## WHAT TO WORK ON
Count the lines in the entries below that mention the string "obtain", then write that number by itself.

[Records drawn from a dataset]
——————————

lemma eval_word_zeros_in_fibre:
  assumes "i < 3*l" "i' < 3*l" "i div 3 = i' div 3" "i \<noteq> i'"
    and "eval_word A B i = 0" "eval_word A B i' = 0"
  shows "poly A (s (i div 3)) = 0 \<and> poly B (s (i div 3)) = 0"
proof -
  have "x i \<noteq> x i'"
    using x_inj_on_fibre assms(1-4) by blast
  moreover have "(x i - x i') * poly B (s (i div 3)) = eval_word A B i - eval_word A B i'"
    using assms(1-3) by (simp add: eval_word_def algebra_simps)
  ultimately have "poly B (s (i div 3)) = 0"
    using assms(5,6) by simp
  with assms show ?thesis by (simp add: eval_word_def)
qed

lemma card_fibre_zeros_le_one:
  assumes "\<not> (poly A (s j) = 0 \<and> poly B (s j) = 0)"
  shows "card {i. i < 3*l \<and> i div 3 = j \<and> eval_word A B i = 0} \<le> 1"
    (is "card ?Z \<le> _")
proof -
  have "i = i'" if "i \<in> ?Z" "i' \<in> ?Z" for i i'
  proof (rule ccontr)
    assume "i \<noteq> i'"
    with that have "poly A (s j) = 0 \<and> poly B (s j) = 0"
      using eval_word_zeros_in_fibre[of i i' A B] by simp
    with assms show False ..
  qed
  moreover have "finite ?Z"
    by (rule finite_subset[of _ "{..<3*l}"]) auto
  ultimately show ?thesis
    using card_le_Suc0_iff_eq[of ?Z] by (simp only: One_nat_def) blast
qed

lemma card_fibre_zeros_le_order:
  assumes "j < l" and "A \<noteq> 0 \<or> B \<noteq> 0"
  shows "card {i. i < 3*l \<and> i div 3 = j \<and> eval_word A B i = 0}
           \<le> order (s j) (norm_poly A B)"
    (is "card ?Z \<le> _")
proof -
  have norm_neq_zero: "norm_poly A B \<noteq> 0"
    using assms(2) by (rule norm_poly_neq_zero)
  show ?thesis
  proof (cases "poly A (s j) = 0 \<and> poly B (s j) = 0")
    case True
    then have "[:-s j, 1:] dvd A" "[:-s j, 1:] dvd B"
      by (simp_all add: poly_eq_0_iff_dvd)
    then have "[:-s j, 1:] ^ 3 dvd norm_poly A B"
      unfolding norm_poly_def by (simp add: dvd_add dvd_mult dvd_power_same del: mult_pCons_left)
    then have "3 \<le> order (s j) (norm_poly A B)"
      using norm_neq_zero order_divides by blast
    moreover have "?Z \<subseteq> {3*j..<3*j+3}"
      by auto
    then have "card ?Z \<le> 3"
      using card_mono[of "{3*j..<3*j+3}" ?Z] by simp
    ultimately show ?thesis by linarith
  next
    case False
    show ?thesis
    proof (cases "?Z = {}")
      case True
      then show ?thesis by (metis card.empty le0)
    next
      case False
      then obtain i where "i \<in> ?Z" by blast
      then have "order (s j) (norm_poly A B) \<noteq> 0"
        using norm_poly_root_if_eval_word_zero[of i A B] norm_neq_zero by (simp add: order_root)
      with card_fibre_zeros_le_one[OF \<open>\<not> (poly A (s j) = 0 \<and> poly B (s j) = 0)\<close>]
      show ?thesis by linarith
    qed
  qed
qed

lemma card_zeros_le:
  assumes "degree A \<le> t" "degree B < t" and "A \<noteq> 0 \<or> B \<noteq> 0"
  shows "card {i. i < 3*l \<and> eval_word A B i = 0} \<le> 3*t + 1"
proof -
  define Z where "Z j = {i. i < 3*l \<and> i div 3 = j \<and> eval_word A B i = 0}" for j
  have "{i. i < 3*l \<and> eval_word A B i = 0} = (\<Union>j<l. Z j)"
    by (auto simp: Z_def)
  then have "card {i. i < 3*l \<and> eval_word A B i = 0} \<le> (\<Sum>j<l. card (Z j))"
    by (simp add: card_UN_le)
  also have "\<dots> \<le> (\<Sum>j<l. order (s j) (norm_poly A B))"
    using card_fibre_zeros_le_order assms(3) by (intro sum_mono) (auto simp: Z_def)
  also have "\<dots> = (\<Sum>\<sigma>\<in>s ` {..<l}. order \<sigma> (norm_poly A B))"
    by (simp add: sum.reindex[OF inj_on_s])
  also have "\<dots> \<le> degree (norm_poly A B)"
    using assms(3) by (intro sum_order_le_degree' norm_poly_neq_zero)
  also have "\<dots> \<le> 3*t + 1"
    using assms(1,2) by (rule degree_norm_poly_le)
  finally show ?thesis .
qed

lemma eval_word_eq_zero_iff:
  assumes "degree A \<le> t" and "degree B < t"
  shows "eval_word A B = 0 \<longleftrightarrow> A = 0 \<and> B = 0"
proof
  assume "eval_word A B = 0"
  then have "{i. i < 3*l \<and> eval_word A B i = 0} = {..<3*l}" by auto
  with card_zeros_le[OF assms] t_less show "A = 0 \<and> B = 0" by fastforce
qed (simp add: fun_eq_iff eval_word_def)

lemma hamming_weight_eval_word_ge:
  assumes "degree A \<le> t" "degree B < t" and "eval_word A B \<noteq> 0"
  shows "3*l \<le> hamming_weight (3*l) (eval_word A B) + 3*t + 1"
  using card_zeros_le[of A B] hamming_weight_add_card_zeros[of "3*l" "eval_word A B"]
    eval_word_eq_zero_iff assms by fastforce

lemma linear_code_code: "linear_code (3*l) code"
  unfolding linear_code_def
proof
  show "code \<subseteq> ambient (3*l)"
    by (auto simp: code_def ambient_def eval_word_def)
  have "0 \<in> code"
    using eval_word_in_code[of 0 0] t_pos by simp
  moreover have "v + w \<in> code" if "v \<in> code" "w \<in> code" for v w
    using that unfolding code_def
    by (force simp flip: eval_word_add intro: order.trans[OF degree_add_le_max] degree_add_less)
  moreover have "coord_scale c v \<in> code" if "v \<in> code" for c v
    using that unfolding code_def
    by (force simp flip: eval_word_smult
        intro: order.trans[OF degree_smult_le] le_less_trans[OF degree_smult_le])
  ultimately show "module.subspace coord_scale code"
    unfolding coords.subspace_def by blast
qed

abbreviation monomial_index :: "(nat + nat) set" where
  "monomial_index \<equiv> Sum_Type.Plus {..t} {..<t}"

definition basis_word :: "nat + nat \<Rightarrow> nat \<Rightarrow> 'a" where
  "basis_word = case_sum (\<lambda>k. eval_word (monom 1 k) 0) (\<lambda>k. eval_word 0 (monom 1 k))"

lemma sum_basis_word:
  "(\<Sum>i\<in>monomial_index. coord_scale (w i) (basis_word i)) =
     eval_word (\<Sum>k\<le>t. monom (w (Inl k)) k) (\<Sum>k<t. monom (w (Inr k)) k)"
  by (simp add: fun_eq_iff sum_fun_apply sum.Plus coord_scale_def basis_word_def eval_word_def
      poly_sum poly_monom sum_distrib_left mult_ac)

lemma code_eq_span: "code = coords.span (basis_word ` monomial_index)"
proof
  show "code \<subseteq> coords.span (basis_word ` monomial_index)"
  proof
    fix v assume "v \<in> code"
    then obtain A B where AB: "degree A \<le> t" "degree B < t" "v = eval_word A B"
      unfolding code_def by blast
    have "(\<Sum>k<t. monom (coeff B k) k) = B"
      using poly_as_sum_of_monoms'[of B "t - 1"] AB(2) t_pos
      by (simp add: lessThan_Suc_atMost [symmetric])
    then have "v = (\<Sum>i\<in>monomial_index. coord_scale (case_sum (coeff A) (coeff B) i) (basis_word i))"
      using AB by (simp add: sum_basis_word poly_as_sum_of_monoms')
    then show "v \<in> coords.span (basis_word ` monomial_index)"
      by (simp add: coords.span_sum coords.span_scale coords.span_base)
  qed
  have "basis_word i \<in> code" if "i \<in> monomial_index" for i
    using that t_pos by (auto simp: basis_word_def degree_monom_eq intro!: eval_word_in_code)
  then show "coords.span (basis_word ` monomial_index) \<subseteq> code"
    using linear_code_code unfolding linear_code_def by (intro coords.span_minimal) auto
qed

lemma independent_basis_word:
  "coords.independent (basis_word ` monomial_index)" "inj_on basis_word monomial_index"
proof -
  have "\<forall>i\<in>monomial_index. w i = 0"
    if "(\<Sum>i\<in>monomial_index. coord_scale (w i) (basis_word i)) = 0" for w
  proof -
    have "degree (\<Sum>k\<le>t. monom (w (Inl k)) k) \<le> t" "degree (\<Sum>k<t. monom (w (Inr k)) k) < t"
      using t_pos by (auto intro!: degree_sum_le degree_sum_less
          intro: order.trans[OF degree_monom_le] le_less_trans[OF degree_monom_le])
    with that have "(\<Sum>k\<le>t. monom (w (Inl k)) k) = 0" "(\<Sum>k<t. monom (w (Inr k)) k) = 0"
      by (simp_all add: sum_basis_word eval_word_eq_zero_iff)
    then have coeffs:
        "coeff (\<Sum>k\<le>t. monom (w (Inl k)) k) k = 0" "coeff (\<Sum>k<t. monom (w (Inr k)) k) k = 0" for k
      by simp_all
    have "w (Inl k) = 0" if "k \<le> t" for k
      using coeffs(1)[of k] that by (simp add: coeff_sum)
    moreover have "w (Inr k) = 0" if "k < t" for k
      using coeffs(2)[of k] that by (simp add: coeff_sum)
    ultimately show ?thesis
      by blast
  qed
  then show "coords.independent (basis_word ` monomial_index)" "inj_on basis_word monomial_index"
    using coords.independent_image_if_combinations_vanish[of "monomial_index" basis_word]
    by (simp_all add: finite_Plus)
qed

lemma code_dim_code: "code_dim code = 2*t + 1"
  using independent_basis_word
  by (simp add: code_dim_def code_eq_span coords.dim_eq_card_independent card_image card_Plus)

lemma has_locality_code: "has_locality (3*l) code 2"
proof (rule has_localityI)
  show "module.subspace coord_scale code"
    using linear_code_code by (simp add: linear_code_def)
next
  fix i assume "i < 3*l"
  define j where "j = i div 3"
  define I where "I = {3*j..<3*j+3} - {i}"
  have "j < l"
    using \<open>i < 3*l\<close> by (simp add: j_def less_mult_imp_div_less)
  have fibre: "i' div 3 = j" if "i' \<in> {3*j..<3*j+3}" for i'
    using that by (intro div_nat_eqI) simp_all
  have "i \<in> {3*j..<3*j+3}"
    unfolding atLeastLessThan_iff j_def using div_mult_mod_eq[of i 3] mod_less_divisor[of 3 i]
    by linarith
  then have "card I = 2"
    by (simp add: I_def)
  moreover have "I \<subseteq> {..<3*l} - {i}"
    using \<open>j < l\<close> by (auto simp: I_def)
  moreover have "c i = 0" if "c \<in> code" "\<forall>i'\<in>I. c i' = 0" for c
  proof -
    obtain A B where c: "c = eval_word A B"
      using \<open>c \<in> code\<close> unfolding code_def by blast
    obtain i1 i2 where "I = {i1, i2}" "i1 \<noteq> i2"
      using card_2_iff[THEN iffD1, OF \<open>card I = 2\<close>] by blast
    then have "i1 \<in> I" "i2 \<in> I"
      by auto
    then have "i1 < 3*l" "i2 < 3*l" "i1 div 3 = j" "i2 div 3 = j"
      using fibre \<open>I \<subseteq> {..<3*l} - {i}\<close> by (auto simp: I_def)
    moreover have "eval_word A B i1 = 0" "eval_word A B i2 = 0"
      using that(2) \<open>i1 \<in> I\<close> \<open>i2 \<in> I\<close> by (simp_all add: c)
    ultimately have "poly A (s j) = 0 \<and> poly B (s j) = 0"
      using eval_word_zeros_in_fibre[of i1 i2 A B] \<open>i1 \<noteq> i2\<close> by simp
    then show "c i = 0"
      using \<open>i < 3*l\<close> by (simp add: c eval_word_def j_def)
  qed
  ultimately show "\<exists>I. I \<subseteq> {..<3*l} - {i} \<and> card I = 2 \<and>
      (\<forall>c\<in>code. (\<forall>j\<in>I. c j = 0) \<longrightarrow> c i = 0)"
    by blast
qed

——————————

## SOLUTION TO THE PROBLEM
4